But also to clarify this strategy you listed how would we know what subgroups to put in the model and when. What about when we want to do other one sample tests of SZC, BPD, SAD, Bio1-3, and other subgroups like NeverHallucinators. Some of these subgroups are unique amongst one another and some are overlapping.

Or is just having our GoodQA2 inclusion variable enough to cover the subject space and then we just add the subgroup for each within sample connectivity test?

4. In regards to the use of Proband and OnlyProband, I am understanding the redundancy issue but the reason we've been using it has been due to the concern over subject number inflation.
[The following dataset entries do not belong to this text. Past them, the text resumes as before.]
lemma good_partition_imp_good_bisection:
  assumes "good_partition V E V1 V2" "symp E"
  shows "is_good_bisection V E V1 V2 (cut_rel E V1 V2)"
proof -
  have part: "V1 \<union> V2 = V" "V1 \<inter> V2 = {}" "V2 \<union> V1 = V" "V2 \<inter> V1 = {}"
    using assms(1) unfolding good_partition_def by auto
  have "cut_rel E V1 V2 = cut_rel E V2 V1" unfolding cut_rel_def by (intro ext) auto
  then have "int (degree V E v) - 1 \<le> 2 * int (degree V (cut_rel E V1 V2) v)" if "v \<in> V" for v
    using that assms(1) degree_cut_rel[OF part(1,2)] degree_cut_rel[OF part(3,4)] part
    unfolding good_partition_def by (metis Un_iff)
  moreover have "is_bisection V E V1 V2 (cut_rel E V1 V2)"
    using assms unfolding is_bisection_def good_partition_def cut_rel_def by (blast dest: sympD)
  ultimately show ?thesis unfolding is_good_bisection_def by auto
qed

lemma has_good_bisection_iff_good_partition:
  assumes "finite V" "symp E"
  shows "has_good_bisection V E \<longleftrightarrow> (\<exists>V1 V2. good_partition V E V1 V2)"
  unfolding has_good_bisection_def
  by (meson good_bisection_imp_good_partition good_partition_imp_good_bisection assms)

lemma kmp_part_eq: "kmp_part r i = Pair i ` {..<r i}"
  unfolding kmp_part_def by auto

lemma card_kmp_part [simp]: "card (kmp_part r i) = r i"
  unfolding kmp_part_eq by (simp add: card_image inj_on_def)

lemma finite_kmp_part [simp]: "finite (kmp_part r i)"
  unfolding kmp_part_eq by simp

lemma fst_kmp_part: "v \<in> kmp_part r i \<Longrightarrow> fst v = i"
  unfolding kmp_part_def by auto

lemma kmp_vertices_eq: "kmp_vertices k r = (\<Union>i<k. kmp_part r i)"
  unfolding kmp_vertices_def kmp_part_def by auto

lemma finite_kmp_vertices [simp]: "finite (kmp_vertices k r)"
  unfolding kmp_vertices_eq by simp

lemma kmp_part_subset: "i < k \<Longrightarrow> kmp_part r i \<subseteq> kmp_vertices k r"
  unfolding kmp_vertices_eq by auto

lemma card_kmp_subset:
  assumes "S \<subseteq> kmp_vertices k r"
  shows "card S = (\<Sum>i<k. card (S \<inter> kmp_part r i))"
proof -
  have "S = (\<Union>i<k. S \<inter> kmp_part r i)" using assms unfolding kmp_vertices_eq by auto
  also have "card \<dots> = (\<Sum>i<k. card (S \<inter> kmp_part r i))"
    by (rule card_UN_disjoint) (auto simp: kmp_part_def)
  finally show ?thesis .
qed

lemma card_kmp_vertices: "card (kmp_vertices k r) = (\<Sum>i<k. r i)"
  using card_kmp_subset[of "kmp_vertices k r" k r] kmp_part_subset
  by (simp add: Int_absorb1)

lemma kmp_part_le_card: "i < k \<Longrightarrow> r i \<le> card (kmp_vertices k r)"
  using card_mono[OF finite_kmp_vertices kmp_part_subset] by fastforce

lemma kmp_vertex_in_part: "v \<in> kmp_vertices k r \<Longrightarrow> fst v < k \<and> v \<in> kmp_part r (fst v)"
  unfolding kmp_vertices_def kmp_part_def by auto

lemma card_kmp_adj:
  assumes "S \<subseteq> kmp_vertices k r"
  shows "card {x\<in>S. kmp_adj v x} = card S - card (S \<inter> kmp_part r (fst v))"
proof -
  have "{x\<in>S. kmp_adj v x} = S - kmp_part r (fst v)"
    using assms unfolding kmp_adj_def kmp_vertices_def kmp_part_def by auto
  moreover have "finite S" using assms finite_kmp_vertices by (rule finite_subset)
  ultimately show ?thesis by (simp add: card_Diff_subset_Int)
qed

lemma degree_kmp_adj:
  "v \<in> kmp_vertices k r \<Longrightarrow> degree (kmp_vertices k r) kmp_adj v = card (kmp_vertices k r) - r (fst v)"
proof -
  assume "v \<in> kmp_vertices k r"
  then have "kmp_vertices k r \<inter> kmp_part r (fst v) = kmp_part r (fst v)"
    using kmp_vertex_in_part kmp_part_subset by blast
  then show ?thesis unfolding degree_def using card_kmp_adj[OF subset_refl] by simp
qed

lemma ball_kmp_subset:
  assumes "S \<subseteq> kmp_vertices k r"
  shows "(\<forall>v\<in>S. P (fst v)) \<longleftrightarrow> (\<forall>i<k. 0 < card (S \<inter> kmp_part r i) \<longrightarrow> P i)"
proof -
  have "(\<exists>v\<in>S. fst v = i) \<longleftrightarrow> 0 < card (S \<inter> kmp_part r i)" if "i < k" for i
    using assms kmp_vertex_in_part fst_kmp_part by (fastforce simp: card_gt_0_iff)
  moreover have "fst v < k" if "v \<in> S" for v using assms that kmp_vertex_in_part by blast
  ultimately show ?thesis by metis
qed

text \<open>Here \<open>u i\<close> is the number of vertices of the part \<open>X\<^sub>i\<close> on the smaller side of a bisection.\<close>

definition good_split :: "nat \<Rightarrow> (nat \<Rightarrow> nat) \<Rightarrow> (nat \<Rightarrow> nat) \<Rightarrow> bool" where
  "good_split k r u \<longleftrightarrow> 2 * (\<Sum>i<k. u i) + 1 = (\<Sum>i<k. r i) \<and>
     (\<forall>i<k. u i = 0 \<or> u i = r i \<or> (2 * u i \<le> r i \<and> r i \<le> 2 * u i + 2))"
Which is related to above but I expand with our examples in the attached file (and with information cross-listed in the following post: https://www.nitrc.org/forum/forum.php?thread_id=12308&forum_id=1144). Quick gist, when removing the onlySZP covariate from contrast (keeping SZP), the warning goes away, but our subject n shoots up from ~204 to 769.

Thank you,
Mikey
Apr 9, 2021  10:04 PM | Alfonso Nieto-Castanon - Boston University
RE: WARNING: possibly incorrect model
Hi Mikey,
Some thoughts on your questions below
Best
Alfonso

1. We define 5 sites in our project, but only the 4 sites listed in the example contrasts are used for analysis to not have dummy coded redundancy. This 5th site would be the zero right - or are you referring to something else? It was my impression that centering covariates was optional. That is helps interpret the intercept...I'm not clear what that means for our project especially with all the site covariates. Does not centering effect the actual significant cluster which can appear for a test?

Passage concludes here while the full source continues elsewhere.